### Task brief
Search the entries below. Return every line that has "reduce" in it.

(Given information begins)

theorem proposition3p2:
  fixes f :: "real^'n \<Rightarrow> real"
    and g h :: "nat \<Rightarrow> real^'n \<Rightarrow> real"
    and m q :: nat
    and l u :: "real^'n"
    and nu eps gam theta del :: real
    and e :: "nat \<Rightarrow> 'n"
    and x :: "nat \<Rightarrow> real^'n"
    and y d :: "nat \<Rightarrow> nat \<Rightarrow> real^'n"
    and al alt :: "nat \<Rightarrow> nat \<Rightarrow> real"
  assumes "C1_fun f" "\<forall>j<m. C1_fun (g j)" "\<forall>j<q. C1_fun (h j)"
    and "\<forall>i. l $ i < u $ i"
    and "\<exists>x0. x0 \<in> cbox l u \<inter> Sless g m"
    and "nu > 1" "eps > 0" "gam > 0" "0 < theta" "theta < 1" "0 < del" "del < 1"
    and "bij_betw e {..<CARD('n)} UNIV"
    and "dfl_run f g m h q l u nu eps gam theta del e x y al alt d"
  shows "\<forall>i<CARD('n). (\<lambda>k. al k i) \<longlonglongrightarrow> 0 \<and> (\<lambda>k. alt k i) \<longlonglongrightarrow> 0"
proof (intro allI impI conjI)
  note run = assms(14) and del = assms(11)
  let ?P = "pen_real f g m h q nu eps"
  fix i assume i: "i < CARD('n)"
  obtain B where B: "\<forall>z \<in> Sless g m \<inter> cbox l u. B \<le> ?P z"
    using pen_real_bounded_below[OF compact_cbox] continuous_on_if_C1_fun assms(1,2,7) by metis
  have "summable (\<lambda>k. \<Sum>j<CARD('n). (al k j)\<^sup>2)"
    using B dfl_run_feasible[OF run] dfl_run_outer_descent[OF run del] assms(8)
    by (intro summable_of_descent[where P = "\<lambda>k. ?P (x k)" and B = B]) (auto intro: sum_nonneg)
  then have "summable (\<lambda>k. (al k i)\<^sup>2)"
    by (rule summable_comparison_test'[where N = 0]) (use i in \<open>auto intro: member_le_sum\<close>)
  then show al: "(\<lambda>k. al k i) \<longlonglongrightarrow> 0" by (rule LIMSEQ_zero_if_summable_power2)
  have "\<bar>alt (Suc k) i\<bar> \<le> \<bar>al k i\<bar> + theta * \<bar>alt k i\<bar>" for k
    using dfl_run_step_update[OF run i, of k] assms(9) by (auto simp: abs_mult)
  then show "(\<lambda>k. alt k i) \<longlonglongrightarrow> 0"
    using assms(9,10) by (intro LIMSEQ_zero_perturbed_contraction[OF al, of theta]) auto
qed

end
(* Let $d\in\mathbb{N}_+$ and let $u:\mathbb{R}\times\mathbb{R}^d\to\mathbb{R}^d$ be a real vector field with $\tilde u:=\mathcal{F}_{t,x}u$, for which the integrals below are well defined. For any $f\in C^\infty_c(\mathbb{R}^{1+2d})$, any nonnegative $\chi(\tau,\xi,\eta)\in C_b^\infty(\mathbb{R}^{1+2d})$, and any constants $s,r\ge0$, $$\int \chi\, |\xi|^2\langle\xi\rangle^{2s-2}\langle\eta\rangle^{-2-2r}\left(1+(1-2r)|\eta|^2\right)|\hat{f}|^2\le \int|\nabla_\eta\chi|\langle\xi\rangle^{2s}\langle\eta\rangle^{1-2r}|\hat{f}|^2+ 2\left| \int \chi\,\xi\cdot\eta\,\langle\xi\rangle^{2s-2}\langle\eta\rangle^{-2r}X\hat{f}\, \overline{\hat{f}}\,\right|+ 2\,\mathrm{Im} \int \chi\,\xi\cdot\eta\,\langle\xi\rangle^{2s-2}\langle\eta\rangle^{-2r}\xi\cdot(\tilde{u}*_{\tau,\xi}\hat{f})\, \overline{\hat{f}},$$ and $$\int \chi |\tau|^2\langle\tau\rangle^{2s-2}\langle\eta\rangle^{-2r} |\hat{f}|^2= -\mathrm{Re} \int \chi\,\tau\langle\tau\rangle^{2s-2}\langle\eta\rangle^{-2r} \xi\cdot\widehat{vf}\,\overline{\hat{f}}+\mathrm{Im}\int\chi\,\tau\langle\tau\rangle^{2s-2}\langle\eta\rangle^{-2r} X\hat{f}\,\overline{\hat{f}}-\mathrm{Re} \int\chi\,\tau\langle\tau\rangle^{2s-2}\langle\eta\rangle^{-2r} \xi\cdot(\tilde{u}*_{\tau,\xi}\hat{f})\,\overline{\hat{f}}.$$
   Context: $\hat{\cdot}$ denotes the Fourier transform in all variables $(t,x,v)\mapsto(\tau,\xi,\eta)$ (with the convention $\widehat{\partial_t f}=i\tau\hat f$, $\widehat{vf}=i\nabla_\eta\hat f$), $\mathcal{F}_{t,x}$ the Fourier transform in $(t,x)\mapsto(\tau,\xi)$, and $*_{\tau,\xi}$ convolution in $(\tau,\xi)$, normalized so that $\mathcal{F}_{t,x}(uf)=\tilde u*_{\tau,\xi}\mathcal{F}_{t,x}f$. $\int$ means integration over $(\tau,\xi,\eta)\in\mathbb{R}\times\mathbb{R}^d\times\mathbb{R}^d$, $\langle\cdot\rangle=(1+|\cdot|^2)^{1/2}$, and $X$ is the operator $X\hat f:=i\tau\hat f-\xi\cdot\nabla_\eta\hat f+i\xi\cdot(\tilde u*_{\tau,\xi}\hat f)$ (the Fourier transform of $\partial_tf+\nabla_x\cdot(vf+uf)$). *)

theory Defs
  imports "HOL-Analysis.Analysis"
begin
lemma free_eq_inv_word: "u \<approx> v \<Longrightarrow> inv_word u \<approx> inv_word v"
proof -
  assume "u \<approx> v"
  have "inv_word u \<approx> inv_word u @ v @ inv_word v @ []"
    using free_eq_cancel[of "inv_word u" v "[]"] by (simp add: free_eq_commute)
  also have "\<dots> \<approx> inv_word u @ u @ inv_word v @ []"
    using free_eq_sym[OF \<open>u \<approx> v\<close>] by (intro free_eq_append free_eq_refl)
  also have "\<dots> \<approx> [] @ inv_word v"
    using free_eq_cancel'[of "[]" u "inv_word v"] by simp
  finally show ?thesis by simp
qed

lemma free_eq_conj_concat:
  "g @ concat cs @ inv_word g \<approx> concat (map (\<lambda>c. g @ c @ inv_word g) cs)"
proof (induction cs)
  case Nil
  show ?case using append_inv_word_free_eq_Nil[of g] by simp
next
  case (Cons c cs)
  have "g @ concat (c # cs) @ inv_word g \<approx> (g @ c) @ inv_word g @ g @ (concat cs @ inv_word g)"
    using free_eq_cancel'[of "g @ c" g "concat cs @ inv_word g"] by (simp add: free_eq_commute)
  also have "\<dots> \<approx> (g @ c @ inv_word g) @ concat (map (\<lambda>c. g @ c @ inv_word g) cs)"
    using Cons.IH by (simp add: free_eq_append)
  finally show ?case by simp
qed

definition subst_letter :: "('a \<Rightarrow> 'b word) \<Rightarrow> bool \<times> 'a \<Rightarrow> 'b word" where
  "subst_letter s p = (if fst p then s (snd p) else inv_word (s (snd p)))"

lemma subst_Nil [simp]: "subst s [] = []"
  by (simp add: subst_def)

lemma subst_Cons [simp]: "subst s (p # w) = subst_letter s p @ subst s w"
  by (cases p) (simp add: subst_def subst_letter_def)

lemma subst_append [simp]: "subst s (u @ v) = subst s u @ subst s v"
  by (simp add: subst_def)

lemma subst_cong: "(\<And>a. a \<in> snd ` set w \<Longrightarrow> s a = s' a) \<Longrightarrow> subst s w = subst s' w"
  by (induction w) (auto simp: subst_letter_def)

lemma subst_cong_free_eq:
  "(\<And>a. a \<in> snd ` set w \<Longrightarrow> s a \<approx> s' a) \<Longrightarrow> subst s w \<approx> subst s' w"
proof (induction w)
  case (Cons p w)
  have "subst_letter s p \<approx> subst_letter s' p"
    using Cons.prems[of "snd p"] by (auto simp: subst_letter_def intro: free_eq_inv_word)
  with Cons show ?case by (auto intro: free_eq_append)
qed simp

lemma subst_cancel_cons_free_eq: "subst s (cancel_cons p L) \<approx> subst_letter s p @ subst s L"
proof (cases L)
  case (Cons y ys)
  show ?thesis
  proof (cases "cancels p y")
    case True
    obtain b a where p: "p = (b, a)" and y: "y = (\<not> b, a)"
      using True by (cases p; cases y) auto
    have "subst_letter s p @ subst_letter s y @ subst s ys \<approx> subst s ys"
      using free_eq_cancel[of "[]" "s a"] free_eq_cancel'[of "[]" "s a"]
      by (cases b) (simp_all add: p y subst_letter_def)
    with Cons True show ?thesis by (simp add: free_eq_commute)
  qed (use Cons in simp)
qed simp

lemma subst_reduce_free_eq: "subst s (reduce w) \<approx> subst s w"
proof (induction w)
  case (Cons p w)
  have "subst s (reduce (p # w)) \<approx> subst_letter s p @ subst s (reduce w)"
    by (simp add: subst_cancel_cons_free_eq)
  also have "\<dots> \<approx> subst_letter s p @ subst s w"
    using Cons.IH by (rule free_eq_append[OF free_eq_refl])
  finally show ?case by simp
qed simp

lemma words_over_Nil [simp]: "[] \<in> words_over A"
  by (simp add: words_over_def)

lemma words_over_Cons [simp]: "p # u \<in> words_over A \<longleftrightarrow> snd p \<in> A \<and> u \<in> words_over A"
  by (auto simp: words_over_def)

lemma words_over_append [simp]: "u @ v \<in> words_over A \<longleftrightarrow> u \<in> words_over A \<and> v \<in> words_over A"
  by (auto simp: words_over_def)

lemma words_over_inv_word [simp]: "inv_word u \<in> words_over A \<longleftrightarrow> u \<in> words_over A"
  by (auto simp: words_over_def inv_word_def)

lemma set_cancel_cons: "set (cancel_cons p L) \<subseteq> insert p (set L)"
  by (cases L) auto

lemma set_reduce: "set (reduce w) \<subseteq> set w"
proof (induction w)
  case (Cons p w)
  have "set (reduce (p # w)) \<subseteq> insert p (set (reduce w))"
    using set_cancel_cons by simp
  with Cons.IH show ?case by auto
qed simp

(Given information ends)

### Finished exercise
lemma subst_reduce_free_eq: "subst s (reduce w) \<approx> subst s w"
  have "subst s (reduce (p # w)) \<approx> subst_letter s p @ subst s (reduce w)"
lemma set_reduce: "set (reduce w) \<subseteq> set w"
  have "set (reduce (p # w)) \<subseteq> insert p (set (reduce w))"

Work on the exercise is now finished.